One can estimate the oscillation frequency of the K⁺ ion from the total interaction potential shown in Fig. 1b. The harmonic component of the potential was extracted from a quadratic expansion, V (z) = c₀ + c₂ z². The region in which the potential curve exhibits its dominant slope, i.e., 5.4 Å ≤ |z| ≤ 12.3 Å was selected for the fitting to ensure a positive c₂, which is obtained as 0.31 kcal/mol/Ų. The oscillating frequency is estimated as $f\approx \sqrt{2c_2/M}/2\pi =0.41$ terahertz (THz), where M = 39.09 amu is the mass of the K⁺ ion.
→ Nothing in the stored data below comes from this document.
lemma U0_bounded:
  assumes x: "x \<in> U0"
  obtains a b where "a < 0" "{..a} \<subseteq> x" "x \<subseteq> {..b}"
proof -
  let ?P = "{i \<in> x. i \<ge> 0}" and ?H = "{i. i < 0 \<and> i \<notin> x}"
  have fP: "finite ?P" and fH: "finite ?H" using U0D[OF x] by auto
  define b where "b = Max (insert 0 ?P)"
  define a where "a = Min (insert (-1) ?H) - 1"
  have "0 \<le> b" unfolding b_def using fP by (intro Max_ge) auto
  moreover have "j \<le> b" if "j \<in> x" "j \<ge> 0" for j
    unfolding b_def using that fP by (intro Max_ge) auto
  ultimately have "x \<subseteq> {..b}" by (force simp: not_le)
  have Min: "Min (insert (-1) ?H) \<le> h" if "h \<in> insert (-1) ?H" for h
    using fH that by (intro Min_le) auto
  then have "a < 0" unfolding a_def by force
  moreover have "{..a} \<subseteq> x"
  proof
    fix j assume "j \<in> {..a}"
    then have "j \<le> a" by simp
    then show "j \<in> x" using Min[of j] \<open>a < 0\<close> unfolding a_def by force
  qed
  ultimately show thesis using that \<open>x \<subseteq> {..b}\<close> by blast
qed

lemma preceq_upper_bound:
  assumes z: "z \<in> U0" and zx: "sep_preceq z x" and xb: "x \<subseteq> {..b}"
  shows "z \<subseteq> {..b}"
proof -
  have "{j \<in> x. j > b} = {}" using xb by force
  then have "particles_above z b = 0"
    using zx sep_preceq_iff unfolding particles_above_def by (metis card.empty le_zero_eq)
  then have "{j \<in> z. j > b} = {}"
    unfolding particles_above_def using U0_finite_above[OF z, of b] by simp
  then show ?thesis by (auto simp: not_less[symmetric])
qed

lemma preceq_lower_bound:
  assumes x: "x \<in> U0" and z: "z \<in> U0" and zx: "sep_preceq z x" and a: "a < 0" "{..a} \<subseteq> x"
  shows "{..a} \<subseteq> z"
proof -
  have "{i. i < 0 \<and> i \<notin> x \<and> i \<le> a} = {}" using a by auto
  then have "card {i. i < 0 \<and> i \<notin> x \<and> i \<le> a} = 0" by (simp only: card.empty)
  moreover have "particles_above z a \<le> particles_above x a" using zx sep_preceq_iff by blast
  ultimately have "card {i. i < 0 \<and> i \<notin> z \<and> i \<le> a} = 0"
    using particles_above_negative[OF z a(1)] particles_above_negative[OF x a(1)] by linarith
  moreover have "finite {i. i < 0 \<and> i \<notin> z \<and> i \<le> a}"
    by (rule finite_subset[OF _ U0D(2)[OF z]]) auto
  ultimately have holes: "{i. i < 0 \<and> i \<notin> z \<and> i \<le> a} = {}" by simp
  show ?thesis
  proof
    fix j assume "j \<in> {..a}"
    then have "j \<le> a" "j < 0" using a(1) by auto
    then show "j \<in> z" using holes by blast
  qed
qed

text \<open>Consequently only finitely many configurations of \<open>U0\<close> lie below a given one; this is the
  finite state space on which the minimum principle is run.\<close>
lemma finite_lower_set:
  assumes x: "x \<in> U0"
  shows "finite {z \<in> U0. sep_preceq z x}"
proof -
  obtain a b where a: "a < 0" "{..a} \<subseteq> x" and b: "x \<subseteq> {..b}" using U0_bounded[OF x] .
  let ?S = "{z \<in> U0. sep_preceq z x}"
  have rep: "z = (z \<inter> {a<..b}) \<union> {..a}" if "z \<in> ?S" for z
    using that preceq_upper_bound[OF _ _ b, of z] preceq_lower_bound[OF x _ _ a, of z] by auto
  have "inj_on (\<lambda>z. z \<inter> {a<..b}) ?S"
    by (rule inj_onI) (metis rep)
  moreover have "(\<lambda>z. z \<inter> {a<..b}) ` ?S \<subseteq> Pow {a<..b}" by auto
  ultimately show ?thesis
    by (meson finite_Pow_iff finite_greaterThanAtMost_int finite_imageD finite_subset)
qed

lemma coupled_jumps_bound:
  fixes Ax Az :: "int set" and fx uz :: "int \<Rightarrow> real"
  assumes fin: "finite Ax" "finite Az" and a: "0 \<le> a"
    and both: "\<And>i. i \<in> Ax \<Longrightarrow> i \<in> Az \<Longrightarrow> fx i \<le> uz i"
    and only_x: "\<And>i. i \<in> Ax \<Longrightarrow> i \<notin> Az \<Longrightarrow> fx i \<le> u0"
  shows "(\<Sum>i\<in>Az - Ax. a * (uz i - W)) - a * (card Az + card (Ax - Az)) * (u0 - W)
       \<le> ((\<Sum>i\<in>Az. a * uz i) - a * card Az * u0) - ((\<Sum>i\<in>Ax. a * fx i) - a * card Ax * W)"
proof -
  have "(\<Sum>i\<in>Ax. a * fx i) = (\<Sum>i\<in>Ax \<inter> Az. a * fx i) + (\<Sum>i\<in>Ax - Az. a * fx i)"
    by (rule sum.Int_Diff[OF fin(1)])
  also have "\<dots> \<le> (\<Sum>i\<in>Ax \<inter> Az. a * uz i) + (\<Sum>i\<in>Ax - Az. a * u0)"
    using both only_x a by (intro add_mono sum_mono mult_left_mono) auto
  finally have x_part: "(\<Sum>i\<in>Ax. a * fx i) \<le> (\<Sum>i\<in>Ax \<inter> Az. a * uz i) + a * card (Ax - Az) * u0"
    by (simp add: algebra_simps)
  have z_part: "(\<Sum>i\<in>Az. a * uz i) = (\<Sum>i\<in>Ax \<inter> Az. a * uz i) + (\<Sum>i\<in>Az - Ax. a * uz i)"
    using sum.Int_Diff[OF fin(2), of _ Ax] by (simp add: Int_commute)
  have "card Ax = card (Ax \<inter> Az) + card (Ax - Az)" "card Az = card (Ax \<inter> Az) + card (Az - Ax)"
    using card_Int_Diff[OF fin(1), of Az] card_Int_Diff[OF fin(2), of Ax] by (simp_all add: Int_commute)
  then show ?thesis using x_part z_part
    by (simp add: sum_subtractf sum_distrib_left algebra_simps)
qed

definition uncoupled_jumps :: "config \<Rightarrow> config \<Rightarrow> (int + int) set" where
  "uncoupled_jumps x z = Inl ` (sep_R z - sep_R x) \<union> Inr ` (sep_L z - sep_L x)"

definition jump_target :: "config \<Rightarrow> int + int \<Rightarrow> config" where
  "jump_target z k = (case k of Inl i \<Rightarrow> sep_move z i (i + 1) | Inr i \<Rightarrow> sep_move z i (i - 1))"

definition jump_rate :: "real \<Rightarrow> int + int \<Rightarrow> real" where
  "jump_rate p k = (case k of Inl i \<Rightarrow> p | Inr i \<Rightarrow> 1 - p)"

definition comparison_rate :: "real \<Rightarrow> config \<Rightarrow> config \<Rightarrow> real" where
  "comparison_rate p x z = sep_rate p z + p * card (sep_R x - sep_R z) + (1 - p) * card (sep_L x - sep_L z)"

lemma sum_uncoupled_jumps:
  assumes "finite (sep_R z)" "finite (sep_L z)"
  shows "(\<Sum>k\<in>uncoupled_jumps x z. jump_rate p k * g (jump_target z k))
       = (\<Sum>i\<in>sep_R z - sep_R x. p * g (sep_move z i (i + 1))) +
         (\<Sum>i\<in>sep_L z - sep_L x. (1 - p) * g (sep_move z i (i - 1)))"
  unfolding uncoupled_jumps_def using assms
  by (subst sum.union_disjoint) (auto simp: sum.reindex jump_rate_def jump_target_def)

context
  fixes p :: real
  assumes p0: "0 < p" and p1: "p < 1"
begin

lemma generator_comparison:
  assumes x: "x \<in> U0" and z: "z \<in> U0" and zx: "sep_preceq z x"
    and below: "\<And>w w'. w \<in> U0 \<Longrightarrow> w' \<in> U0 \<Longrightarrow> sep_preceq w' w \<Longrightarrow> f w \<le> u w'"
  shows "- comparison_rate p x z * (u z - W) +
           (\<Sum>k\<in>uncoupled_jumps x z. jump_rate p k * (u (jump_target z k) - W))
       \<le> (- sep_rate p z * u z + sep_jump p u z) - (- sep_rate p x * W + sep_jump p f x)"
proof -
  have right: "(\<Sum>i\<in>sep_R z - sep_R x. p * (u (sep_move z i (i + 1)) - W))
       - p * (card (sep_R z) + card (sep_R x - sep_R z)) * (u z - W)
     \<le> ((\<Sum>i\<in>sep_R z. p * u (sep_move z i (i + 1))) - p * card (sep_R z) * u z)
       - ((\<Sum>i\<in>sep_R x. p * f (sep_move x i (i + 1))) - p * card (sep_R x) * W)"
    using p0 x z U0_move_right preceq_move_right_both[OF x z zx] preceq_move_right_x[OF x z zx]
    by (intro coupled_jumps_bound finite_sep_R below) auto
  have left: "(\<Sum>i\<in>sep_L z - sep_L x. (1 - p) * (u (sep_move z i (i - 1)) - W))
       - (1 - p) * (card (sep_L z) + card (sep_L x - sep_L z)) * (u z - W)
     \<le> ((\<Sum>i\<in>sep_L z. (1 - p) * u (sep_move z i (i - 1))) - (1 - p) * card (sep_L z) * u z)
       - ((\<Sum>i\<in>sep_L x. (1 - p) * f (sep_move x i (i - 1))) - (1 - p) * card (sep_L x) * W)"
    using p1 x z U0_move_left preceq_move_left_both[OF x z zx] preceq_move_left_x[OF x z zx]
    by (intro coupled_jumps_bound finite_sep_L below) auto
  have "(\<Sum>k\<in>uncoupled_jumps x z. jump_rate p k * (u (jump_target z k) - W))
      = (\<Sum>i\<in>sep_R z - sep_R x. p * (u (sep_move z i (i + 1)) - W)) +
        (\<Sum>i\<in>sep_L z - sep_L x. (1 - p) * (u (sep_move z i (i - 1)) - W))"
    using sum_uncoupled_jumps[OF finite_sep_R[OF z] finite_sep_L[OF z], where x = x and p = p
        and g = "\<lambda>w. u w - W"] .
  with right left show ?thesis
    unfolding comparison_rate_def sep_rate_def sep_jump_def by (simp add: algebra_simps)
qed

text \<open>The differences \<open>P\<^sup>z(X\<^sub>t = O) - P\<^sub>N\<^sub>+\<^sub>1\<^sup>x(X\<^sub>t = O)\<close>, \<open>z \<preceq> x\<close>, satisfy a
  cooperative system of differential inequalities on the finite lower set of \<open>x\<close> and start
  nonnegative, because only \<open>O\<close> lies below \<open>O\<close>.\<close>
lemma partial_below_prob_step:
  assumes IH: "\<And>t x z. 0 \<le> t \<Longrightarrow> x \<in> U0 \<Longrightarrow> z \<in> U0 \<Longrightarrow> sep_preceq z x \<Longrightarrow>
                 sep_partial p N t x Oconf \<le> sep_prob p z t Oconf"
    and x: "x \<in> U0" and z0: "z0 \<in> U0" "sep_preceq z0 x" and t: "0 \<le> t"
  shows "sep_partial p (Suc N) t x Oconf \<le> sep_prob p z0 t Oconf"
proof -
  define S where "S = {z \<in> U0. sep_preceq z x}"
  define D where "D = (\<lambda>z s. sep_prob p z s Oconf - sep_partial p (Suc N) s x Oconf)"
  have "0 \<le> D z0 t"
  proof (rule cooperative_minimum_principle[where D = D and S = S and z = z0 and K = "uncoupled_jumps x"
        and nb = jump_target
        and \<rho> = "\<lambda>_. jump_rate p" and c = "comparison_rate p x"])
    show "finite S" unfolding S_def by (rule finite_lower_set[OF x])
    show "continuous_on {0..t} (D z)" for z
      unfolding D_def by (intro continuous_on_diff sep_prob_continuous[OF p0 p1] sep_partial_continuous)
    show "0 \<le> D z 0" if "z \<in> S" for z
      using that preceq_Oconf unfolding D_def S_def sep_prob_at_0[OF p0 p1] sep_partial_at_0 by auto
    show "finite (uncoupled_jumps x z)" if "z \<in> S" for z
      using that finite_sep_R finite_sep_L unfolding uncoupled_jumps_def S_def by auto
    show "jump_target z k \<in> S" if "z \<in> S" "k \<in> uncoupled_jumps x z" for z k
      using that unfolding uncoupled_jumps_def S_def jump_target_def
      by (auto intro: U0_move_right U0_move_left preceq_move_right_z[OF x] preceq_move_left_z[OF x])
    show "0 \<le> jump_rate p k" for k
      using p0 p1 unfolding jump_rate_def by (auto split: sum.splits)
    show "0 \<le> comparison_rate p x z" for z
      using p0 p1 sep_rate_nonneg[OF p0 p1, of z] unfolding comparison_rate_def by auto
    show "z0 \<in> S" using z0 unfolding S_def by auto
    show "\<exists>d. (D z has_real_derivative d) (at s) \<and> - comparison_rate p x z * D z s +
            (\<Sum>k\<in>uncoupled_jumps x z. jump_rate p k * D (jump_target z k) s) \<le> d"
      if "z \<in> S" and s: "0 < s" for z s
    proof (intro exI conjI)
      show "(D z has_real_derivative
              (- sep_rate p z * sep_prob p z s Oconf + sep_jump p (\<lambda>w. sep_prob p w s Oconf) z)
            - (- sep_rate p x * sep_partial p (Suc N) s x Oconf
               + sep_jump p (\<lambda>w. sep_partial p N s w Oconf) x)) (at s)"
        unfolding D_def by (intro DERIV_diff sep_prob_deriv[OF p0 p1] sep_partial_deriv s)
      show "- comparison_rate p x z * D z s +
              (\<Sum>k\<in>uncoupled_jumps x z. jump_rate p k * D (jump_target z k) s)
          \<le> (- sep_rate p z * sep_prob p z s Oconf + sep_jump p (\<lambda>w. sep_prob p w s Oconf) z)
            - (- sep_rate p x * sep_partial p (Suc N) s x Oconf
               + sep_jump p (\<lambda>w. sep_partial p N s w Oconf) x)"
        unfolding D_def using \<open>z \<in> S\<close> s
        by (intro generator_comparison x IH) (auto simp: S_def)
    qed
  qed (rule t)
  then show ?thesis unfolding D_def by simp
qed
To investigate the dynamics of the K⁺-CNT complex, we simulated the system for 4.84 ps employing the polarizable CNT model [9, 11] in a microcanonical ensemble with the CNT frozen at its ideal geometry. At each integration time step (2 fs), the electric field of the ion was regarded as an external perturbation in the TB Hamiltonian, and the induced charges δq_i of CNT were evaluated by relaxing the CNT to its TB Born-Oppenheimer surface. Since the CNT is fixed throughout the simulation, δq_i depend only on the position of the K⁺ ion, $\overrightarrow{R}$. The force is the total derivative of the potential in Eq. (1),

$$\overrightarrow{F}(\overrightarrow{R})=-{\displaystyle \sum _i\overrightarrow{\nabla }{V}_{\mathrm{L}\mathrm{J}}(|\overrightarrow{R}-{\overrightarrow{r}}_i|)}+{\displaystyle \sum _i\left[\frac{Q(q_{0i}+\delta q_i(\overrightarrow{R}))(\overrightarrow{R}-{\overrightarrow{r}}_i)}{|\overrightarrow{R}-{\overrightarrow{r}}_i{|}^3}-\frac{Q\overrightarrow{\nabla }\delta q_i(\overrightarrow{R})}{|\overrightarrow{R}-{\overrightarrow{r}}_i|}\right]},$$ (2)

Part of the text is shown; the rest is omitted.